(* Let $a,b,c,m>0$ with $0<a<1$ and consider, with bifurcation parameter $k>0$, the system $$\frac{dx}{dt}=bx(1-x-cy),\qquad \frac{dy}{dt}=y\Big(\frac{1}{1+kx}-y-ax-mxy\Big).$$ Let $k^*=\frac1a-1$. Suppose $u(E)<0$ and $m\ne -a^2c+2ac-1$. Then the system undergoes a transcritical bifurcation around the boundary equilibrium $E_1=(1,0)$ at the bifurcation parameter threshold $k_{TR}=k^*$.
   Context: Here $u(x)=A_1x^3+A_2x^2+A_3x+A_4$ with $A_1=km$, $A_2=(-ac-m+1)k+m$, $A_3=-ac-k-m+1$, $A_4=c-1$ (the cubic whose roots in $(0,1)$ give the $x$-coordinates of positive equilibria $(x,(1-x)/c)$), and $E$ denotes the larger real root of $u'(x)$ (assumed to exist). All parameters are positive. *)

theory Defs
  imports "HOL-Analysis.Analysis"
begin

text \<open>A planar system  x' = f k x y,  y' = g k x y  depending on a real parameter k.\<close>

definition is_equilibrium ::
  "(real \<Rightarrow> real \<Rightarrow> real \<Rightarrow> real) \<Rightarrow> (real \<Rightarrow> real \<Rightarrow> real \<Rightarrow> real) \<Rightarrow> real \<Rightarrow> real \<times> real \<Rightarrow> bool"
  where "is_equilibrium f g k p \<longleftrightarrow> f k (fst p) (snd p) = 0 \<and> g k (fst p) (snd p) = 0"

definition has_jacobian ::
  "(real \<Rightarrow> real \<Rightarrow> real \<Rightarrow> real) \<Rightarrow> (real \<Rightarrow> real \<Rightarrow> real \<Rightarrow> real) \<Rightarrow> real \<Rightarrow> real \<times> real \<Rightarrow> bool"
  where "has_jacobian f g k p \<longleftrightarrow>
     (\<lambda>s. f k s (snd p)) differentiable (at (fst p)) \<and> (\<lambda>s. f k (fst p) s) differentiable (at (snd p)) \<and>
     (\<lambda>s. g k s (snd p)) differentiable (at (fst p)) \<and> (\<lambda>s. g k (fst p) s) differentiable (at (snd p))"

----------

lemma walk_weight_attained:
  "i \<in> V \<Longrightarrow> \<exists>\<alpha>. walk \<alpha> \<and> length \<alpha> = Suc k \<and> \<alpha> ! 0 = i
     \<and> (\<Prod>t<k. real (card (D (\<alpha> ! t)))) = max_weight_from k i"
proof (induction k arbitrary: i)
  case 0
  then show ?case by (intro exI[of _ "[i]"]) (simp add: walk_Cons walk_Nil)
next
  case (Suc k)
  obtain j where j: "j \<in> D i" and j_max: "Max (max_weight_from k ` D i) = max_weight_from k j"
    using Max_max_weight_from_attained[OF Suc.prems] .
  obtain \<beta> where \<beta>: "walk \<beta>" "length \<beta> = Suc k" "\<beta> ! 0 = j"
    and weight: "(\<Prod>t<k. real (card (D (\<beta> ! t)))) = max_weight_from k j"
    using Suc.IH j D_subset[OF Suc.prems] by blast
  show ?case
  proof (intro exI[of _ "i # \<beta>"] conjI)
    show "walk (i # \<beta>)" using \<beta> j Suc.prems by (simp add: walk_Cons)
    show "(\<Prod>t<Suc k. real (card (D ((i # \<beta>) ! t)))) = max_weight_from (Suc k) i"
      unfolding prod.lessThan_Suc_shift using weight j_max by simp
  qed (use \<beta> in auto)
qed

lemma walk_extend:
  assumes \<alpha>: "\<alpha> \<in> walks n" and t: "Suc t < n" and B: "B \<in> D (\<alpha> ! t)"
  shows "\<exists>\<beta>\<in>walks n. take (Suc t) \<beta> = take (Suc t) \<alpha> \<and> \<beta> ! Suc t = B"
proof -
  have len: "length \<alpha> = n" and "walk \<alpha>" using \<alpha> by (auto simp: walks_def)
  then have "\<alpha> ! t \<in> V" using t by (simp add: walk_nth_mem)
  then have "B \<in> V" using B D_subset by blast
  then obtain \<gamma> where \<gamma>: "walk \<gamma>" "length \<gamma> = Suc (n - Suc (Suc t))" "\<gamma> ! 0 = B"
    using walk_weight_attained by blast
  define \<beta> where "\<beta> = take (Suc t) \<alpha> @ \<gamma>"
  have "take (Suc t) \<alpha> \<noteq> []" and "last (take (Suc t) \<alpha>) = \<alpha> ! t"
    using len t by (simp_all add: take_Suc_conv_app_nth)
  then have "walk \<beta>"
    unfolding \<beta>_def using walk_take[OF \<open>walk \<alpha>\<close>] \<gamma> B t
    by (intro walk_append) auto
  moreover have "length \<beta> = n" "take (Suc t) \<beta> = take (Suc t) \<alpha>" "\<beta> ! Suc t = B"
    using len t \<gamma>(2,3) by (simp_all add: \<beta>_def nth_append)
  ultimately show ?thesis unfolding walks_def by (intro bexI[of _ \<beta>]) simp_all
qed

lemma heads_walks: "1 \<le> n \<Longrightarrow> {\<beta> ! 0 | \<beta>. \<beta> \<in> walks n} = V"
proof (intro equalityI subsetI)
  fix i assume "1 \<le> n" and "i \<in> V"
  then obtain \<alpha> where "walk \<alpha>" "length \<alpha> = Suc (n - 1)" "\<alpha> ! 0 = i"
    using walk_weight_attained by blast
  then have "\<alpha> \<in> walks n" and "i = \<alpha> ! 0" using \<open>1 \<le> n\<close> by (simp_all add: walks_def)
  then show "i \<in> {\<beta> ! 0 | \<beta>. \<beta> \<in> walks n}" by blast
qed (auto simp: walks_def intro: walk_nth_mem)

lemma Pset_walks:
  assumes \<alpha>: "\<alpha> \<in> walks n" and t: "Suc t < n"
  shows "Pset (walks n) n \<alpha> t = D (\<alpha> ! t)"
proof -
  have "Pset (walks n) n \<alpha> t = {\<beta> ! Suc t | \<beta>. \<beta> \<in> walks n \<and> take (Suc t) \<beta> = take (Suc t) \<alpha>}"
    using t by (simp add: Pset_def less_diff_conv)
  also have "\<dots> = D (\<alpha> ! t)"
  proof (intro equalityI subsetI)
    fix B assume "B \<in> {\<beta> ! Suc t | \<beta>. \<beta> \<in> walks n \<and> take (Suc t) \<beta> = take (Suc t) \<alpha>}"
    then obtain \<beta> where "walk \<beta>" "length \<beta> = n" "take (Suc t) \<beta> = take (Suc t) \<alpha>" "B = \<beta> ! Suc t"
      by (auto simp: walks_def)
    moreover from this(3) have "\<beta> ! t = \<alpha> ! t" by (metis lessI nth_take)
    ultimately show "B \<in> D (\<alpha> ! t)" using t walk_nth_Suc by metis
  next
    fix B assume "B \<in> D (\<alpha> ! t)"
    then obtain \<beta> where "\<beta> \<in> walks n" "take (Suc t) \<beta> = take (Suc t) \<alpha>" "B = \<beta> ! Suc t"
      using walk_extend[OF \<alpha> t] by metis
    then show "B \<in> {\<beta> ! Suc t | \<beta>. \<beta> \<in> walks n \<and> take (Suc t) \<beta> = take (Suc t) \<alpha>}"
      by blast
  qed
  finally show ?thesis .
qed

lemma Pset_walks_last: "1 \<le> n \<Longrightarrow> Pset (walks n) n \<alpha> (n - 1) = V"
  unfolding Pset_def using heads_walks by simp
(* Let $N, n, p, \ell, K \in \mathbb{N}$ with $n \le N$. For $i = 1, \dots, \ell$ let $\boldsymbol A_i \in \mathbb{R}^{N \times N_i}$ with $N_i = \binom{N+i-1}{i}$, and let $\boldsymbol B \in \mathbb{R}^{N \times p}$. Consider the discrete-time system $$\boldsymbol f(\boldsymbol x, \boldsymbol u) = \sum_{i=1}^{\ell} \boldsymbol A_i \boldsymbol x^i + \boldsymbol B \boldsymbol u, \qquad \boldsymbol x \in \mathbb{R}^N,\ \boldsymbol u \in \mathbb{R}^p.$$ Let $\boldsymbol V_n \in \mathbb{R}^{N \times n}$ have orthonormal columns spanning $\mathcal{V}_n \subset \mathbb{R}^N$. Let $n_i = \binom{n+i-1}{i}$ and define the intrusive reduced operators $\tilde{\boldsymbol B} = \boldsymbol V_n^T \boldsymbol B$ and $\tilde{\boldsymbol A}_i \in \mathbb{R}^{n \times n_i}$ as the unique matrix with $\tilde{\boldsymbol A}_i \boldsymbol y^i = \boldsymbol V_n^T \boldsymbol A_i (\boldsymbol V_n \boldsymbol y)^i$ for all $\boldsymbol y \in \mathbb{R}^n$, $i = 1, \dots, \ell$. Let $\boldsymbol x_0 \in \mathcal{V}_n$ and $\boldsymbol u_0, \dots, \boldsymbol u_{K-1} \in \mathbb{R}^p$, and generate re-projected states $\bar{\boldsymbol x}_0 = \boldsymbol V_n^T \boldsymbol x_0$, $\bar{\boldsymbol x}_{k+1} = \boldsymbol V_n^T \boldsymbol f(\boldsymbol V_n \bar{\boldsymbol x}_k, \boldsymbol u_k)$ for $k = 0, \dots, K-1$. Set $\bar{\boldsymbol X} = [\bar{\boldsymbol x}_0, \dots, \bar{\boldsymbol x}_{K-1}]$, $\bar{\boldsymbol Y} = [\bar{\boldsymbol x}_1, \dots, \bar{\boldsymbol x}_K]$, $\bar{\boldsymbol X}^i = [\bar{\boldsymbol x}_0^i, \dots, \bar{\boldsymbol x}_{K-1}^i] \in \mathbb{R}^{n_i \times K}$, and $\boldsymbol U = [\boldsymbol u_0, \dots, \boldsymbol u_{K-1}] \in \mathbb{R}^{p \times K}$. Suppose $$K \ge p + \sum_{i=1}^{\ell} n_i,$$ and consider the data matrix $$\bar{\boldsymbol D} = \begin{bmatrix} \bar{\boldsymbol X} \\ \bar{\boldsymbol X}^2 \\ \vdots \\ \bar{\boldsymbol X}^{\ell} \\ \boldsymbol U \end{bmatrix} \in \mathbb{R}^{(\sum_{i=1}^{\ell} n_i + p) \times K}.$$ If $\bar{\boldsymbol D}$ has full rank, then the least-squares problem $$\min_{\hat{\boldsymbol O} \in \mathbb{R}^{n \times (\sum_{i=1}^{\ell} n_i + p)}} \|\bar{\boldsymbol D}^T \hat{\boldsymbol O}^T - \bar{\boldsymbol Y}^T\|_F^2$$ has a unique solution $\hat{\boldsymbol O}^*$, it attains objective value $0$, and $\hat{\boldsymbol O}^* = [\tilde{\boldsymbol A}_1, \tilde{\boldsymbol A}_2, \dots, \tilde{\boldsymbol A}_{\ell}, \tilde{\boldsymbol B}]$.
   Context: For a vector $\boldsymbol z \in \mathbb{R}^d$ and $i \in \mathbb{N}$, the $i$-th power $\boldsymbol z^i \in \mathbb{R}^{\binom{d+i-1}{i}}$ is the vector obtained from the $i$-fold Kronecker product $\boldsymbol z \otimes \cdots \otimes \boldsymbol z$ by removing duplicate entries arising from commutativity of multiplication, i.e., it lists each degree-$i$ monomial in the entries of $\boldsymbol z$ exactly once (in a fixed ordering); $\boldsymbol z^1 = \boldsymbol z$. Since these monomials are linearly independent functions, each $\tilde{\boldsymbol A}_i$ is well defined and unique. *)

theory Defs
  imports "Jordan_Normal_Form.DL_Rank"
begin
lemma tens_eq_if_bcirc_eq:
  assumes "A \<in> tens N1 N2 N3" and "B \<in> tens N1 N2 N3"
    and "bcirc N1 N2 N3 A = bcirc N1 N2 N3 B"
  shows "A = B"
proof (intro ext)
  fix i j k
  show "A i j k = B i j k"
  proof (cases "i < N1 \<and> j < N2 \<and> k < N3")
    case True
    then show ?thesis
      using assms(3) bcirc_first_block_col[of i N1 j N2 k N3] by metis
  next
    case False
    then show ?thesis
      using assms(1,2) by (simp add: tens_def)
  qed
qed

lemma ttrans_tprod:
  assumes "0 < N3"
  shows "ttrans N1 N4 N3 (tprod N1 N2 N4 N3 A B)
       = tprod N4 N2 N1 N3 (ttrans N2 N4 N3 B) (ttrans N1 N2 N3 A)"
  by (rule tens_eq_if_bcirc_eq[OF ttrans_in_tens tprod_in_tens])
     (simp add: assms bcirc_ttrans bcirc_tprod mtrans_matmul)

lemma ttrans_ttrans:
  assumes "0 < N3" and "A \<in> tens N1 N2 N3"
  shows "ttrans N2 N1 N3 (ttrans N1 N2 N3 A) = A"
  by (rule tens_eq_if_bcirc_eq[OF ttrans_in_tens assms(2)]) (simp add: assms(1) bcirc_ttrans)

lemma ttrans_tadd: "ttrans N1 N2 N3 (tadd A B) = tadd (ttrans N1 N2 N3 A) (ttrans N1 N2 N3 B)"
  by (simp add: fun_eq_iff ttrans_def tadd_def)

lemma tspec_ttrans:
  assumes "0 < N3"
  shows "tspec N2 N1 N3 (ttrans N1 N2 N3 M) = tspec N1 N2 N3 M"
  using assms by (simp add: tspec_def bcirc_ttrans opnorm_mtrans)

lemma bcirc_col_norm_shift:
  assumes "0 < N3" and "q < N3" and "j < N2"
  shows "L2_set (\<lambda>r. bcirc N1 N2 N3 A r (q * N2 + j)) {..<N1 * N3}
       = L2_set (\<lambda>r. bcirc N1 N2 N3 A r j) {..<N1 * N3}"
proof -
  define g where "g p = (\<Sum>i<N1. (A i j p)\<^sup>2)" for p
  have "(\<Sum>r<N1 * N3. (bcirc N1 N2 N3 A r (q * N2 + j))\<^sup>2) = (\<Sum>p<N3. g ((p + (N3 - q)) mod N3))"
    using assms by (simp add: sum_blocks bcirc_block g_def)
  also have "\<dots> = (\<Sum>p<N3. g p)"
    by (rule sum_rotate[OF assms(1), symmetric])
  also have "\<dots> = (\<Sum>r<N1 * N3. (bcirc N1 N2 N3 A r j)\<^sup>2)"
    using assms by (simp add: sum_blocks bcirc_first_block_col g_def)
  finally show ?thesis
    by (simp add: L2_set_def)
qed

----------

### WHAT IS EXPECTED
The answer must be every line of the data that contains the word "gamma".

### WRITTEN ANSWER
  then obtain \<gamma> where \<gamma>: "walk \<gamma>" "length \<gamma> = Suc (n - Suc (Suc t))" "\<gamma> ! 0 = B"
  define \<beta> where "\<beta> = take (Suc t) \<alpha> @ \<gamma>"
    unfolding \<beta>_def using walk_take[OF \<open>walk \<alpha>\<close>] \<gamma> B t
    using len t \<gamma>(2,3) by (simp_all add: \<beta>_def nth_append)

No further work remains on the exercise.